This isn’t really a new idea for creating ground cover, but it’s the first time I’ve tried it. Last Fall I raked up some leaves, and kept them in garbage bags in my garage for a year. I remember that I tried to collect them on a dry day, and I was glad to see that they had not mildewed. I also picked up a used blender at Goodwill for a very reasonable price.  Drying the leaves for a whole year probably isn’t necessary; it’s just the length of time it took me to get around to crushing them up.

After experimenting for a few minutes with how full to load the blender, and how long to run it, I found that about one handful run at about five seconds produced the best results. I had also pre-crushed the leaves in the bag as you can see in the lower right corner of this photo. If I ran longer than five seconds, I was just producing powder, or maybe Z-scale leaves! Pre-crushing the leaves helped to keep the run time shorter.

As you can see, one handful barely covers the blender blades, but it chops up quickly, and that speed avoids too much powder.

Here’s the finished product, and you can see that there is still some definition to the ground cover. One garbage bag of leaves probably produced enough scale leaves for my whole layout.

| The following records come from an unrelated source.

lemma card_Ck_circulant_nbrs_ge:
  assumes x: "x \<in> {1..2*k+2}"
  shows "2 * (k div 2) \<le> card {y \<in> {1..2*k+2}. \<exists>j\<in>{1..k div 2}. cyc_dist_eq (2*k+2) x y j}"
proof -
  define m where "m = 2*k+2"
  define h where "h = k div 2"
  define nb where "nb j = modstar (x + j) m" for j
  define offs where "offs = {1..h} \<union> {m-h..<m}"
  have hm: "2*h < m" by (simp add: h_def m_def)
  have xm: "x \<in> {1..m}" using x m_def by simp
  have "card offs = card {1..h} + card {m-h..<m}"
    unfolding offs_def by (rule card_Un_disjoint) (use hm in auto)
  then have card_offs: "card offs = 2*h" using hm by simp
  have "inj_on nb {0..<m}"
    unfolding nb_def by (rule inj_on_modstar_shift) (use xm in simp)
  then have "inj_on nb offs" by (rule inj_on_subset) (use hm in \<open>auto simp: offs_def\<close>)
  then have "card (nb ` offs) = 2*h" by (simp add: card_image card_offs)
  moreover have "nb ` offs \<subseteq> {y \<in> {1..m}. \<exists>j\<in>{1..h}. cyc_dist_eq m x y j}"
  proof
    fix y assume "y \<in> nb ` offs"
    then obtain j where j: "j \<in> offs" "y = nb j" by blast
    have "j < m" using j(1) hm by (auto simp: offs_def)
    then have y: "y = (if x + j \<le> m then x + j else x + j - m)"
      using xm j(2) by (simp add: nb_def modstar_eq)
    have "y \<in> {1..m}" using y xm \<open>j < m\<close> j(1) by (auto simp: offs_def)
    moreover have "\<exists>j\<in>{1..h}. cyc_dist_eq m x y j"
    proof (cases "j \<le> h")
      case True
      then have "cyc_dist_eq m x y j" using y by (auto simp: cyc_dist_eq_def)
      moreover have "j \<in> {1..h}" using True j(1) hm by (auto simp: offs_def)
      ultimately show ?thesis by blast
    next
      case False
      then have "m - j \<in> {1..h}" using j(1) hm by (auto simp: offs_def)
      moreover have "cyc_dist_eq m x y (m - j)" using y \<open>j < m\<close> by (auto simp: cyc_dist_eq_def)
      ultimately show ?thesis by blast
    qed
    ultimately show "y \<in> {y \<in> {1..m}. \<exists>j\<in>{1..h}. cyc_dist_eq m x y j}" by blast
  qed
  ultimately have "2*h \<le> card {y \<in> {1..m}. \<exists>j\<in>{1..h}. cyc_dist_eq m x y j}"
    using card_mono[of "{y \<in> {1..m}. \<exists>j\<in>{1..h}. cyc_dist_eq m x y j}" "nb ` offs"] by simp
  then show ?thesis unfolding m_def h_def .
qed
definition group_partition :: "nat \<Rightarrow> (nat \<Rightarrow> 'n set) \<Rightarrow> bool" where
  "group_partition r G \<longleftrightarrow>
     (\<forall>i<r. G i \<noteq> {}) \<and>
     (\<forall>i<r. \<forall>j<r. i \<noteq> j \<longrightarrow> G i \<inter> G j = {}) \<and>
     (\<Union>i<r. G i) = UNIV"

definition gnorm :: "real \<Rightarrow> 'n set \<Rightarrow> real ^ 'n::finite \<Rightarrow> real" where
  "gnorm p I x = (\<Sum>j\<in>I. \<bar>x $ j\<bar> powr p) powr (1 / p)"

definition pq_norm :: "real \<Rightarrow> real \<Rightarrow> (nat \<Rightarrow> 'n set) \<Rightarrow> nat set \<Rightarrow> real ^ 'n::finite \<Rightarrow> real" where
  "pq_norm p q G J x = (\<Sum>i\<in>J. gnorm p (G i) x powr q) powr (1 / q)"

text \<open>K is an admissible choice of J(x;N): N indices of J^c (within {0..<r}) with the largest
  group norms (ties broken arbitrarily; if J^c has fewer than N elements, all of it).\<close>
definition top_groups ::
  "nat \<Rightarrow> (nat \<Rightarrow> 'n set) \<Rightarrow> real \<Rightarrow> nat set \<Rightarrow> real ^ 'n::finite \<Rightarrow> nat \<Rightarrow> nat set \<Rightarrow> bool" where
  "top_groups r G p J x N K \<longleftrightarrow>
     K \<subseteq> {..<r} - J \<and> card K = min N (card ({..<r} - J)) \<and>
     (\<forall>i\<in>K. \<forall>k\<in>({..<r} - J) - K. gnorm p (G k) x \<le> gnorm p (G i) x)"

definition grec_phi ::
  "real ^ 'n::finite ^ 'm::finite \<Rightarrow> nat \<Rightarrow> (nat \<Rightarrow> 'n set) \<Rightarrow> real \<Rightarrow> real \<Rightarrow> nat \<Rightarrow> nat \<Rightarrow> real" where
  "grec_phi A r G p q S N = Inf {norm (A *v x) / pq_norm p 2 G (K \<union> J) x | x J K.
       x \<noteq> 0 \<and> J \<subseteq> {..<r} \<and> card J \<le> S \<and>
       pq_norm p q G ({..<r} - J) x \<le> pq_norm p q G J x \<and>
       top_groups r G p J x N K}"

definition GREC :: "real ^ 'n::finite ^ 'm::finite \<Rightarrow> nat \<Rightarrow> (nat \<Rightarrow> 'n set) \<Rightarrow> real \<Rightarrow> real \<Rightarrow> nat \<Rightarrow> nat \<Rightarrow> bool" where
  "GREC A r G p q S N \<longleftrightarrow> grec_phi A r G p q S N > 0"

definition nonzero_groups :: "nat \<Rightarrow> (nat \<Rightarrow> 'n set) \<Rightarrow> real ^ 'n::finite \<Rightarrow> nat set" where
  "nonzero_groups r G x = {i. i < r \<and> (\<exists>j\<in>G i. x $ j \<noteq> 0)}"

end

theory Submission
  imports Defs
begin
(* Let $n\ge1$, let $\sigma\in S_n$ have $d$ descents, and for $i,j\ge0$ let $c_{ij}^d$ be the number of ordered pairs $(\tau,\mu)\in S_n\times S_n$ such that $\tau$ has $i$ descents, $\mu$ has $j$ descents, and $\tau\mu=\sigma$. Then, as formal power series in $s,t$, $$\sum_{i,j\ge0}\frac{c_{ij}^d\,s^{i+1}t^{j+1}}{(1-s)^{n+1}(1-t)^{n+1}}=\sum_{a,b\ge0}\binom{n+ab-d-1}{n}s^at^b.$$ (In particular $c_{ij}^d$ depends on $\sigma$ only through $d$.)
   Context: For $\sigma\in S_n$, $\sigma$ has a descent at $i$ ($1\le i\le n-1$) if $\sigma(i+1)<\sigma(i)$. Binomial convention: $\binom{m}{n}=\frac{m(m-1)\cdots(m-n+1)}{n!}$ if $m\ge n$ and $\binom{m}{n}=0$ if $m<n$ (including negative $m$). *)

theory Defs
  imports "HOL-Combinatorics.Permutations" "HOL-Computational_Algebra.Formal_Power_Series"
begin

definition des :: "nat \<Rightarrow> (nat \<Rightarrow> nat) \<Rightarrow> nat" where
  "des n \<sigma> = card {i \<in> {1..n-1}. \<sigma> (i+1) < \<sigma> i}"

text \<open>Binomial coefficient with the paper's convention: zero when m < k (including negative m).\<close>
definition binom :: "int \<Rightarrow> nat \<Rightarrow> int" where
  "binom m k = (if int k \<le> m then int (nat m choose k) else 0)"

definition cnt :: "nat \<Rightarrow> (nat \<Rightarrow> nat) \<Rightarrow> nat \<Rightarrow> nat \<Rightarrow> nat" where
  "cnt n \<sigma> i j = card {(\<tau>, \<mu>). \<tau> permutes {1..n} \<and> \<mu> permutes {1..n} \<and>
      des n \<tau> = i \<and> des n \<mu> = j \<and> \<tau> \<circ> \<mu> = \<sigma>}"

text \<open>Bivariate formal power series in s, t: outer variable s, inner variable t.\<close>
definition fps_s :: "real fps fps" where "fps_s = fps_X"
definition fps_t :: "real fps fps" where "fps_t = fps_const fps_X"

end

theory Submission
  imports Defs "HOL-Library.Infinite_Set"
begin

text \<open>
  Proof by compatible sequences (Gessel's method).  For a permutation p of {1..n}, call a
  sequence x on positions 1..n with values below m compatible with p if it is weakly increasing
  and strictly increasing at every descent of p.  Two facts drive the theorem:

  (1) stars and bars: there are binom(m + n - 1 - des p, n) such sequences, so their generating
      series over m is s^(des p + 1) / (1 - s)^(n+1);
  (2) merging: for sigma = tau o mu, the pairs (v, u) of a tau-compatible v below a and a
      mu-compatible u below b correspond bijectively, via i \<mapsto> a * u i + v (mu i), to the
      sigma-compatible sequences below a * b, taken over all factorizations of sigma.

  Comparing coefficients of s^a t^b then gives the identity.
\<close>

section \<open>Ranks\<close>

definition rank :: "'a set \<Rightarrow> ('a \<Rightarrow> 'b::linorder) \<Rightarrow> 'a \<Rightarrow> nat" where
  "rank S l i = card {j\<in>S. l j < l i}"

lemma rank_less_iff:
  assumes "finite S" "i \<in> S" "i' \<in> S"
  shows "rank S l i < rank S l i' \<longleftrightarrow> l i < l i'"
proof
  assume "l i < l i'"
  hence "{j\<in>S. l j < l i} \<subset> {j\<in>S. l j < l i'}" using assms(2) by auto
  thus "rank S l i < rank S l i'" unfolding rank_def using assms(1) by (intro psubset_card_mono) auto
next
  assume less: "rank S l i < rank S l i'"
  show "l i < l i'"
  proof (rule ccontr)
    assume "\<not> l i < l i'"
    hence "{j\<in>S. l j < l i'} \<subseteq> {j\<in>S. l j < l i}" by auto
    hence "rank S l i' \<le> rank S l i" unfolding rank_def using assms(1) by (intro card_mono) auto
    thus False using less by simp
  qed
qed

lemma rank_bij:
  assumes fin: "finite S" and inj: "inj_on l S"
  shows "bij_betw (rank S l) S {..<card S}"
proof -
  have inj_rank: "inj_on (rank S l) S"
  proof (rule inj_onI)
    fix i i' assume i: "i \<in> S" and i': "i' \<in> S" and "rank S l i = rank S l i'"
    hence "l i = l i'" using rank_less_iff[OF fin i i', of l] rank_less_iff[OF fin i' i, of l] by auto
    thus "i = i'" using inj i i' by (auto dest: inj_onD)
  qed
  have "rank S l i < card S" if "i \<in> S" for i
  proof -
    have "{j\<in>S. l j < l i} \<subset> S" using that by auto
    thus ?thesis unfolding rank_def using fin by (intro psubset_card_mono) auto
  qed
  hence "rank S l ` S \<subseteq> {..<card S}" by auto
  moreover have "card (rank S l ` S) = card {..<card S}" using card_image[OF inj_rank] by simp
  ultimately show ?thesis
    unfolding bij_betw_def using inj_rank by (simp add: card_subset_eq)
qed

lemma rank_unique:
  assumes fin: "finite S"
    and iso: "\<And>i i'. i \<in> S \<Longrightarrow> i' \<in> S \<Longrightarrow> f i < f i' \<longleftrightarrow> l i < l i'"
    and img: "f ` S = {..<card S}" and i: "i \<in> S"
  shows "f i = rank S l i"
proof -
  have inj: "inj_on f S" using img fin by (simp add: eq_card_imp_inj_on)
  have "rank S l i = card {j\<in>S. f j < f i}" unfolding rank_def using iso i by (metis (lifting))
  also have "\<dots> = card (f ` {j\<in>S. f j < f i})"
    by (rule card_image[symmetric]) (rule inj_on_subset[OF inj], auto)
  also have "f ` {j\<in>S. f j < f i} = {..<f i}"
  proof (intro equalityI subsetI)
    fix k assume "k \<in> {..<f i}"
    moreover have "f i < card S" using img i by auto
    ultimately have "k \<in> f ` S" using img by auto
    thus "k \<in> f ` {j\<in>S. f j < f i}" using \<open>k \<in> {..<f i}\<close> by auto
  qed auto
  finally show ?thesis by simp
qed

text \<open>Strictly increasing maps with the same image agree: the value at i is the element of
  the image whose rank is the rank of i.\<close>
lemma strict_mono_on_image_eq:
  fixes f g :: "'a::linorder \<Rightarrow> 'b::linorder"
  assumes fin: "finite A" and f: "strict_mono_on A f" and g: "strict_mono_on A g"
    and img: "f ` A = g ` A" and i: "i \<in> A"
  shows "f i = g i"
proof -
  have rank_image: "rank (h ` A) id (h i) = rank A id i" if h: "strict_mono_on A h" for h
  proof -
    have "{s \<in> h ` A. s < h i} = h ` {j\<in>A. j < i}"
      using strict_mono_on_less[OF h] i by auto
    moreover have "inj_on h {j\<in>A. j < i}"
      using strict_mono_on_imp_inj_on[OF h] by (rule inj_on_subset) auto
    ultimately show ?thesis unfolding rank_def by (simp add: card_image)
  qed
  have "rank (f ` A) id (f i) = rank (f ` A) id (g i)"
    using rank_image[OF f] rank_image[OF g] img by simp
  moreover have "bij_betw (rank (f ` A) id) (f ` A) {..<card (f ` A)}"
    using fin by (intro rank_bij) auto
  ultimately show ?thesis
    using i img by (auto simp: bij_betw_def dest: inj_onD)
qed

section \<open>Permutations ordered like a labelling\<close>

lemma permutes_mem: "p permutes S \<Longrightarrow> x \<in> S \<Longrightarrow> p x \<in> S"
  by (simp add: permutes_in_image)

lemma image_pred_atLeastAtMost: "(\<lambda>k. k - 1) ` {1..n} = {..<n::nat}"
  unfolding image_Suc_lessThan[symmetric] image_image by simp

text \<open>Every injective labelling of {1..n} is ordered like some permutation of {1..n}, namely
  i \<mapsto> 1 + rank of i; by the next lemma this permutation is unique.\<close>
lemma order_permutation_exists:
  fixes l :: "nat \<Rightarrow> 'b::linorder"
  assumes inj: "inj_on l {1..n}"
  obtains \<mu> where "\<mu> permutes {1..n}"
    and "\<And>i i'. i \<in> {1..n} \<Longrightarrow> i' \<in> {1..n} \<Longrightarrow> \<mu> i < \<mu> i' \<longleftrightarrow> l i < l i'"
proof
  let ?S = "{1..n}"
  define \<mu> where "\<mu> i = (if i \<in> ?S then Suc (rank ?S l i) else i)" for i
  have "bij_betw (Suc \<circ> rank ?S l) ?S ?S"
  proof (rule bij_betw_trans)
    show "bij_betw (rank ?S l) ?S {..<n}" using rank_bij[OF _ inj] by simp
    show "bij_betw Suc {..<n} ?S" by (simp add: bij_betw_def image_Suc_lessThan)
  qed
  hence "bij_betw \<mu> ?S ?S" by (rule bij_betw_cong[THEN iffD1, rotated]) (simp add: \<mu>_def)
  thus "\<mu> permutes ?S" by (rule bij_imp_permutes) (auto simp: \<mu>_def)
  show "\<mu> i < \<mu> i' \<longleftrightarrow> l i < l i'" if "i \<in> ?S" "i' \<in> ?S" for i i'
    using rank_less_iff[of ?S i i' l] that by (simp add: \<mu>_def)
qed

lemma order_permutation_unique:
  fixes l :: "nat \<Rightarrow> 'b::linorder"
  assumes \<mu>: "\<mu> permutes {1..n::nat}" and \<mu>': "\<mu>' permutes {1..n}"
    and iso: "\<And>i i'. i \<in> {1..n} \<Longrightarrow> i' \<in> {1..n} \<Longrightarrow> \<mu> i < \<mu> i' \<longleftrightarrow> l i < l i'"
    and iso': "\<And>i i'. i \<in> {1..n} \<Longrightarrow> i' \<in> {1..n} \<Longrightarrow> \<mu>' i < \<mu>' i' \<longleftrightarrow> l i < l i'"
  shows "\<mu> = \<mu>'"
proof
  have pred_rank: "\<pi> i - 1 = rank {1..n} l i"
    if \<pi>: "\<pi> permutes {1..n}"
      and iso: "\<And>i i'. i \<in> {1..n} \<Longrightarrow> i' \<in> {1..n} \<Longrightarrow> \<pi> i < \<pi> i' \<longleftrightarrow> l i < l i'"
      and i: "i \<in> {1..n}" for \<pi> i
  proof (rule rank_unique[where f = "\<lambda>i. \<pi> i - 1"])
    have "(\<lambda>i. \<pi> i - 1) ` {1..n} = (\<lambda>k. k - 1) ` (\<pi> ` {1..n})" by (simp only: image_image)
    also have "\<dots> = {..<n}" by (simp only: permutes_image[OF \<pi>] image_pred_atLeastAtMost)
    finally show "(\<lambda>i. \<pi> i - 1) ` {1..n} = {..<card {1..n}}" by simp
    fix j j' assume "j \<in> {1..n}" "j' \<in> {1..n}"
    moreover from this have "1 \<le> \<pi> j" "1 \<le> \<pi> j'"
      using permutes_mem[OF \<pi>] by fastforce+
    ultimately show "\<pi> j - 1 < \<pi> j' - 1 \<longleftrightarrow> l j < l j'" using iso by (simp add: less_diff_iff)
  qed (use i in auto)
  fix i show "\<mu> i = \<mu>' i"
  proof (cases "i \<in> {1..n}")
    case True
    have "1 \<le> \<mu> i" "1 \<le> \<mu>' i"
      using permutes_mem[OF \<mu>] permutes_mem[OF \<mu>'] True by fastforce+
    thus ?thesis using pred_rank[OF \<mu> iso True] pred_rank[OF \<mu>' iso' True] by linarith
  qed (simp add: permutes_not_in[OF \<mu>] permutes_not_in[OF \<mu>'])
qed

section \<open>Lexicographic encoding of pairs of naturals\<close>

lemma lex_encode_less_iff:
  fixes A B p q N :: nat
  assumes "p < N" "q < N"
  shows "A * N + p < B * N + q \<longleftrightarrow> A < B \<or> (A = B \<and> p < q)"
proof -
  have "A * N + p < B * N + q" if "A < B"
  proof -
    have "(A + 1) * N \<le> B * N" using that by (intro mult_right_mono) auto
    thus ?thesis using assms by (simp add: algebra_simps)
  qed
  moreover have "B * N + q < A * N + p" if "B < A"
  proof -
    have "(B + 1) * N \<le> A * N" using that by (intro mult_right_mono) auto
    thus ?thesis using assms by (simp add: algebra_simps)
  qed
  ultimately show ?thesis by (metis add_less_cancel_left less_asym nat_neq_iff)
qed

lemma mult_add_eq_cancel:
  fixes a u u' r r' :: nat
  assumes r: "r < a" "r' < a" and eq: "a * u + r = a * u' + r'"
  shows "u = u'" and "r = r'"
proof -
  have "u = (a * u + r) div a" using r by simp
  also have "\<dots> = u'" using r by (simp only: eq) simp
  finally show "u = u'" .
  have "r = (a * u + r) mod a" using r by simp
  also have "\<dots> = r'" using r by (simp only: eq) simp
  finally show "r = r'" .
qed

section \<open>Compatible sequences\<close>

definition compatible :: "nat \<Rightarrow> (nat \<Rightarrow> nat) \<Rightarrow> nat \<Rightarrow> (nat \<Rightarrow> nat) set" where
  "compatible n p m = {x \<in> {1..n} \<rightarrow>\<^sub>E {..<m}.
     \<forall>i\<in>{1..<n}. x i \<le> x (Suc i) \<and> (p (Suc i) < p i \<longrightarrow> x i < x (Suc i))}"

lemma compatibleI:
  assumes "x \<in> {1..n} \<rightarrow>\<^sub>E {..<m}"
    and "\<And>i. i \<in> {1..<n} \<Longrightarrow> x i \<le> x (Suc i) \<and> (p (Suc i) < p i \<longrightarrow> x i < x (Suc i))"
  shows "x \<in> compatible n p m"
  using assms unfolding compatible_def by auto

lemma compatible_PiE: "x \<in> compatible n p m \<Longrightarrow> x \<in> {1..n} \<rightarrow>\<^sub>E {..<m}"
  unfolding compatible_def by auto

lemma compatible_less: "x \<in> compatible n p m \<Longrightarrow> k \<in> {1..n} \<Longrightarrow> x k < m"
  using compatible_PiE[of x n p m] by (auto simp: PiE_iff)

I have decided that autumn will be the season of the year for the Denver, Durango & Silverton Railroad. I think it’s one of the most beautiful times of the year in the Rocky Mountains. A number of companies like Scenic Express have come out with scenery products specifically geared to autumn. The yellow aspen trees are gorgeous, and the dried grasses make the coniferous trees stand out more. Today I gathered some yellow maple leaves in hopes that they will hold their color through the drying process.  This choice of season will also give some credulity to the “snowy area” I want to try above the Cascade Canyon Lumber Camp.  When I worked in Montana as a college student, we often had snow as early as September.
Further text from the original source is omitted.